A Comissão Europeia, que irá gerir o programa financeiro, afirma que o primeiro pagamento será feito a Kiev “O mais breve possível”Assim que todos os documentos legais e técnicos estiverem prontos. O executivo tem uma reserva de caixa para agir rapidamente.
Para 2026, Bruxelas pretende transferir gradualmente 45 mil milhões de euros, incluindo 16,7 mil milhões de euros para ajuda financeira e 28,3 mil milhões de euros para ajuda militar. O pagamento dependerá das reformas adotadas por Kyiv. Qualquer retrocesso na luta contra a corrupção poderá levar a uma suspensão temporária da ajuda.
Especificamente, a parte militar do empréstimo incluirá disposições “Made in Europe” para garantir que o máximo de dinheiro possível vá para os produtores nacionais e não para os fabricantes americanos.
Os restantes 45 mil milhões de euros serão reservados até 2027 e cobrirão dois terços das necessidades financeiras da Ucrânia. Os aliados ocidentais deveriam cobrir o terço final.
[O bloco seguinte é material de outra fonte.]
lemma pd_cong_open:
  assumes "open U" "p \<in> U" "\<And>q. q \<in> U \<Longrightarrow> f q = g q"
  shows "pd i f p = pd i g p"
proof -
  let ?L = "\<lambda>t::real. p + t *\<^sub>R axis i (1::real)"
  have "open (?L -` U)"
    by (rule continuous_open_vimage[OF assms(1)]) (intro continuous_intros)
  moreover have "0 \<in> ?L -` U"
    using assms(2) by simp
  ultimately have "\<forall>\<^sub>F t in nhds 0. ?L t \<in> U"
    using eventually_nhds by blast
  then have "\<forall>\<^sub>F t in nhds 0. f (?L t) = g (?L t)"
    by (rule eventually_mono) (simp add: assms(3))
  then show ?thesis
    unfolding pd_def by (rule deriv_cong_ev) simp
qed

lemma pd_cmult:
  assumes "f differentiable (at p)"
  shows "pd i (\<lambda>q. c * f q) p = c * pd i f p"
  using DERIV_cmult[OF has_real_derivative_pd[OF assms]] unfolding pd_def
  by (rule DERIV_imp_deriv)

lemma pd_if_const: "pd i (\<lambda>q. if b then f q else 0) p = (if b then pd i f p else 0)"
  by (cases b) (simp_all add: pd_def)

lemma pd_lincomb_divide:
  assumes "F1 differentiable (at p)" "F2 differentiable (at p)" "F3 differentiable (at p)"
    and "H differentiable (at p)" "H p \<noteq> 0"
  shows "pd l (\<lambda>q. (c1 * F1 q + c2 * F2 q - c3 * F3 q) / (2 * H q)) p
    = ((c1 * pd l F1 p + c2 * pd l F2 p - c3 * pd l F3 p) * H p
       - (c1 * F1 p + c2 * F2 p - c3 * F3 p) * pd l H p) / (2 * H p ^ 2)"
proof -
  let ?L = "\<lambda>t. p + t *\<^sub>R axis l 1"
  have "((\<lambda>t. (c1 * F1 (?L t) + c2 * F2 (?L t) - c3 * F3 (?L t)) / (2 * H (?L t)))
     has_real_derivative ((c1 * pd l F1 p + c2 * pd l F2 p - c3 * pd l F3 p) * H p
       - (c1 * F1 p + c2 * F2 p - c3 * F3 p) * pd l H p) / (2 * H p ^ 2)) (at 0)"
    using has_real_derivative_pd[OF assms(1), of l] has_real_derivative_pd[OF assms(2), of l]
      has_real_derivative_pd[OF assms(3), of l] has_real_derivative_pd[OF assms(4), of l] assms(5)
    by (auto intro!: derivative_eq_intros simp: field_simps power2_eq_square)
  then show ?thesis
    unfolding pd_def by (rule DERIV_imp_deriv)
qed

definition diag_mat :: "('n::finite \<Rightarrow> real) \<Rightarrow> real^'n^'n" where
  "diag_mat d = (\<chi> i j. if i = j then d i else 0)"

lemma diag_mat_nth [simp]: "diag_mat d $ i $ j = (if i = j then d i else 0)"
  by (simp add: diag_mat_def)

lemma sum_delta_mult:
  fixes i :: "'n::finite"
  shows "(\<Sum>k\<in>UNIV. (if i = k then c k else 0) * f k) = (c i * f i :: real)"
proof -
  have "(\<Sum>k\<in>UNIV. (if i = k then c k else 0) * f k) = (\<Sum>k\<in>UNIV. if i = k then c k * f k else 0)"
    by (rule sum.cong) auto
  then show ?thesis
    by (simp add: sum.delta')
qed

lemma sum_mult_delta:
  fixes i :: "'n::finite"
  shows "(\<Sum>k\<in>UNIV. f k * (if k = i then c k else 0)) = (f i * c i :: real)"
  using sum_delta_mult[of i c f] by (simp add: mult.commute eq_commute)

lemma diag_mat_mult: "diag_mat d ** diag_mat e = diag_mat (\<lambda>i. d i * e i)"
  by (simp add: vec_eq_iff matrix_matrix_mult_def sum_delta_mult)

lemma mat_1_eq_diag_mat: "mat 1 = diag_mat (\<lambda>_. 1)"
  by (simp add: vec_eq_iff mat_def)

lemma matrix_inv_eqI:
  fixes A X :: "'a::semiring_1^'n^'n"
  assumes "A ** X = mat 1" "X ** A = mat 1"
  shows "matrix_inv A = X"
proof -
  have inv: "matrix_inv A ** A = mat 1"
    unfolding matrix_inv_def by (rule conjunct2, rule someI[of _ X]) (use assms in blast)
  have "matrix_inv A = matrix_inv A ** (A ** X)"
    by (simp add: assms(1))
  also have "\<dots> = X"
    by (simp add: matrix_mul_assoc inv)
  finally show ?thesis .
qed

lemma matrix_inv_diag_mat:
  assumes "\<And>k. d k \<noteq> 0"
  shows "matrix_inv (diag_mat d) = diag_mat (\<lambda>i. 1 / d i)"
  by (rule matrix_inv_eqI) (simp_all add: diag_mat_mult mat_1_eq_diag_mat assms)

text \<open>Christoffel symbols and curvature of a diagonal metric at a point, as functions of its
  diagonal entries \<open>h k\<close>, their derivatives \<open>dh i k = \<partial>\<^sub>i h\<^sub>k\<close> and \<open>ddh l i k = \<partial>\<^sub>l \<partial>\<^sub>i h\<^sub>k\<close>;
  \<open>diag_christ_deriv h dh ddh l\<close> is \<open>\<partial>\<^sub>l\<close> of \<open>diag_christ h dh\<close> by the quotient rule.\<close>

definition diag_christ :: "(3 \<Rightarrow> real) \<Rightarrow> (3 \<Rightarrow> 3 \<Rightarrow> real) \<Rightarrow> 3 \<Rightarrow> 3 \<Rightarrow> 3 \<Rightarrow> real" where
  "diag_christ h dh m i j =
     (of_bool (m = j) * dh i m + of_bool (m = i) * dh j m - of_bool (i = j) * dh m i) / (2 * h m)"

definition diag_christ_deriv ::
  "(3 \<Rightarrow> real) \<Rightarrow> (3 \<Rightarrow> 3 \<Rightarrow> real) \<Rightarrow> (3 \<Rightarrow> 3 \<Rightarrow> 3 \<Rightarrow> real) \<Rightarrow> 3 \<Rightarrow> 3 \<Rightarrow> 3 \<Rightarrow> 3 \<Rightarrow> real" where
  "diag_christ_deriv h dh ddh l m i j =
     ((of_bool (m = j) * ddh l i m + of_bool (m = i) * ddh l j m - of_bool (i = j) * ddh l m i) * h m
      - (of_bool (m = j) * dh i m + of_bool (m = i) * dh j m - of_bool (i = j) * dh m i) * dh l m)
     / (2 * h m ^ 2)"

definition diag_curv ::
  "(3 \<Rightarrow> real) \<Rightarrow> (3 \<Rightarrow> 3 \<Rightarrow> real) \<Rightarrow> (3 \<Rightarrow> 3 \<Rightarrow> 3 \<Rightarrow> real) \<Rightarrow> 3 \<Rightarrow> 3 \<Rightarrow> 3 \<Rightarrow> 3 \<Rightarrow> real" where
  "diag_curv h dh ddh i j k m =
     diag_christ_deriv h dh ddh i m j k - diag_christ_deriv h dh ddh j m i k
     + (\<Sum>l\<in>UNIV. diag_christ h dh l j k * diag_christ h dh m i l
                - diag_christ h dh l i k * diag_christ h dh m j l)"

definition diag_ricci ::
  "(3 \<Rightarrow> real) \<Rightarrow> (3 \<Rightarrow> 3 \<Rightarrow> real) \<Rightarrow> (3 \<Rightarrow> 3 \<Rightarrow> 3 \<Rightarrow> real) \<Rightarrow> 3 \<Rightarrow> 3 \<Rightarrow> real" where
  "diag_ricci h dh ddh y z = (\<Sum>i\<in>UNIV. diag_curv h dh ddh i y z i)"

lemma christ_diag_mat:
  assumes "\<And>q. G q = diag_mat (\<lambda>k. D k q)" "\<And>k. D k q \<noteq> 0"
  shows "christ G q m i j = diag_christ (\<lambda>k. D k q) (\<lambda>i k. pd i (D k) q) m i j"
proof -
  have entry: "(\<lambda>q. G q $ a $ b) = (\<lambda>q. if a = b then D a q else 0)" for a b
    by (simp add: assms(1))
  have inv: "matrix_inv (G q) $ m $ l = (if m = l then 1 / D m q else 0)" for l
    by (simp add: assms matrix_inv_diag_mat)
  show ?thesis
    unfolding christ_def diag_christ_def entry pd_if_const inv sum_delta_mult
    by (simp add: field_simps of_bool_def)
qed

lemma curv_diag_mat:
  fixes e :: "3 \<Rightarrow> real"
  assumes U: "open U" "p \<in> U"
    and G: "\<And>q. G q = diag_mat (\<lambda>k. e k * H k q)"
    and e: "\<And>k. e k \<noteq> 0"
    and H: "\<And>q k. q \<in> U \<Longrightarrow> H k q \<noteq> 0"
    and dH: "\<And>q k. q \<in> U \<Longrightarrow> H k differentiable (at q)"
    and ddH: "\<And>q i k. q \<in> U \<Longrightarrow> pd i (H k) differentiable (at q)"
  shows "curv G p i j k m = diag_curv (\<lambda>k. e k * H k p) (\<lambda>i k. e k * pd i (H k) p)
                              (\<lambda>l i k. e k * pd l (pd i (H k)) p) i j k m"
proof -
  have christ: "christ G q m i j = diag_christ (\<lambda>k. e k * H k q) (\<lambda>i k. e k * pd i (H k) q) m i j"
    if "q \<in> U" for q m i j
    using christ_diag_mat[OF G, where q = q] e H[OF that] pd_cmult[OF dH[OF that]] by simp
  have "pd l (\<lambda>q. christ G q m i j) p
      = diag_christ_deriv (\<lambda>k. e k * H k p) (\<lambda>i k. e k * pd i (H k) p)
          (\<lambda>l i k. e k * pd l (pd i (H k)) p) l m i j" for l m i j
  proof -
    have "pd l (\<lambda>q. christ G q m i j) p
        = pd l (\<lambda>q. diag_christ (\<lambda>k. e k * H k q) (\<lambda>i k. e k * pd i (H k) q) m i j) p"
      using U christ by (rule pd_cong_open)
    also have "\<dots> = diag_christ_deriv (\<lambda>k. e k * H k p) (\<lambda>i k. e k * pd i (H k) p)
                      (\<lambda>l i k. e k * pd l (pd i (H k)) p) l m i j"
      unfolding diag_christ_def diag_christ_deriv_def
      using U(2) e H dH ddH
      by (subst pd_lincomb_divide) (auto intro!: derivative_intros simp: pd_cmult)
    finally show ?thesis .
  qed
  then show ?thesis
    unfolding curv_def diag_curv_def christ[OF U(2)] by simp
qed

lemma ricci_diag_mat:
  assumes "G p = diag_mat d" "\<And>k. d k \<noteq> 0"
  shows "ricci G p y z = (\<Sum>i\<in>UNIV. curv G p i y z i)"
proof -
  have "Rtensor G p i y z j = curv G p i y z j * d j" for i j
    unfolding Rtensor_def assms(1) diag_mat_nth by (rule sum_mult_delta)
  then show ?thesis
    using assms(2) by (simp add: ricci_def assms(1) matrix_inv_diag_mat sum_delta_mult)
qed

lemma scal_diag_mat:
  assumes "G p = diag_mat d" "\<And>k. d k \<noteq> 0"
  shows "scal G p = (\<Sum>i\<in>UNIV. ricci G p i i / d i)"
  by (simp add: scal_def assms matrix_inv_diag_mat sum_delta_mult)

lemma scal_star_diag_mat:
  assumes "Gt p = diag_mat d" "\<And>k. d k \<noteq> 0"
  shows "scal_star G Gt p = (\<Sum>i\<in>UNIV. ricci G p i i / d i)"
  by (simp add: scal_star_def assms matrix_inv_diag_mat sum_delta_mult)

definition Pdiag :: "3 \<Rightarrow> real" where
  "Pdiag k = (if k = 3 then 1 else -1)"

lemma abs_Pdiag: "\<bar>Pdiag k\<bar> = 1"
  by (simp add: Pdiag_def)

lemma Pmat_eq_diag_mat: "Pmat = diag_mat Pdiag"
  by (simp add: Pmat_def Qmat_def vec_eq_iff matrix_matrix_mult_def sum_3 Pdiag_def forall_3)

lemma diag_ricci_if_flipped_flat:
  fixes h :: "3 \<Rightarrow> real" and dh :: "3 \<Rightarrow> 3 \<Rightarrow> real" and ddh :: "3 \<Rightarrow> 3 \<Rightarrow> 3 \<Rightarrow> real"
  assumes h: "h 2 = h 1" "\<And>l. dh l 2 = dh l 1" "\<And>l i. ddh l i 2 = ddh l i 1"
    and nz: "h 1 \<noteq> 0" "h 3 \<noteq> 0"
    and flat: "\<And>i j k m. diag_curv (\<lambda>k. Pdiag k * h k) (\<lambda>i k. Pdiag k * dh i k)
                            (\<lambda>l i k. Pdiag k * ddh l i k) i j k m = 0"
  shows "i \<noteq> j \<Longrightarrow> diag_ricci h dh ddh i j = 0"
    and "diag_ricci h dh ddh 2 2 = diag_ricci h dh ddh 1 1"
proof -
  define C where
    "C = diag_curv (\<lambda>k. Pdiag k * h k) (\<lambda>i k. Pdiag k * dh i k) (\<lambda>l i k. Pdiag k * ddh l i k)"
  let ?\<rho> = "diag_ricci h dh ddh"
  note expand = h diag_ricci_def diag_curv_def diag_christ_def diag_christ_deriv_def sum_3 Pdiag_def
  have "?\<rho> 1 2 = - C 1 2 1 1 - C 1 3 2 3"
    using nz unfolding C_def by (simp add: expand; simp add: divide_simps)
  moreover have "?\<rho> 2 1 = C 1 2 1 1 + C 1 2 3 3 - C 1 3 2 3"
    using nz unfolding C_def by (simp add: expand; simp add: divide_simps)
  moreover have "?\<rho> 1 3 = - C 1 2 3 2 - C 1 3 3 3"
    using nz unfolding C_def by (simp add: expand; simp add: divide_simps)
  moreover have "?\<rho> 3 1 = - C 1 2 3 2 + C 1 3 1 1 + C 1 3 2 2"
    using nz unfolding C_def by (simp add: expand; simp add: divide_simps)
  moreover have "?\<rho> 2 3 = C 1 2 3 1 - C 2 3 3 3"
    using nz unfolding C_def by (simp add: expand; simp add: divide_simps)
  moreover have "?\<rho> 3 2 = - C 1 2 3 1 + C 1 3 1 2 + 3 * C 1 3 2 1"
    using nz unfolding C_def by (simp add: expand; simp add: divide_simps)
  ultimately show "i \<noteq> j \<Longrightarrow> ?\<rho> i j = 0"
    using flat exhaust_3[of i] exhaust_3[of j] unfolding C_def[symmetric] by auto
  have "?\<rho> 1 1 - ?\<rho> 2 2 = - C 1 3 1 3 + C 2 3 2 3"
    using nz unfolding C_def by (simp add: expand; simp add: divide_simps)
  then show "?\<rho> 2 2 = ?\<rho> 1 1"
    using flat unfolding C_def[symmetric] by simp
qed

definition gmet_coeff :: "(real^3 \<Rightarrow> real) \<Rightarrow> (real^3 \<Rightarrow> real) \<Rightarrow> 3 \<Rightarrow> real^3 \<Rightarrow> real" where
  "gmet_coeff A B k q = (if k = 3 then B q else A q)"

lemma gmet_coeff_eq: "gmet_coeff A B k = (if k = 3 then B else A)"
  by (simp add: fun_eq_iff gmet_coeff_def)

lemma gmet_eq_diag_mat: "gmet A B q = diag_mat (\<lambda>k. gmet_coeff A B k q)"
  by (simp add: gmet_def gmet_coeff_def diag_mat_def)

lemma gtil_eq_diag_mat: "gtil A B q = diag_mat (\<lambda>k. Pdiag k * gmet_coeff A B k q)"
  by (simp add: gtil_def gmet_eq_diag_mat Pmat_eq_diag_mat diag_mat_mult mult.commute)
O empréstimo conjunto não incluirá a Hungria, a Eslováquia e a República Checa. Assim, os outros 24 Estados-Membros pagarão aproximadamente 3 mil milhões de euros em taxas de juro anuais.
A Ucrânia será solicitada a reembolsar o empréstimo de 90 mil milhões de euros apenas se a Rússia concordar com as reparações de guerra, o que Moscovo rejeitou categoricamente.
A Comissão sublinha que se reserva o direito de utilizar os 210 mil milhões de euros em activos fixos do Banco Central Russo para cobrir o défice de reparação.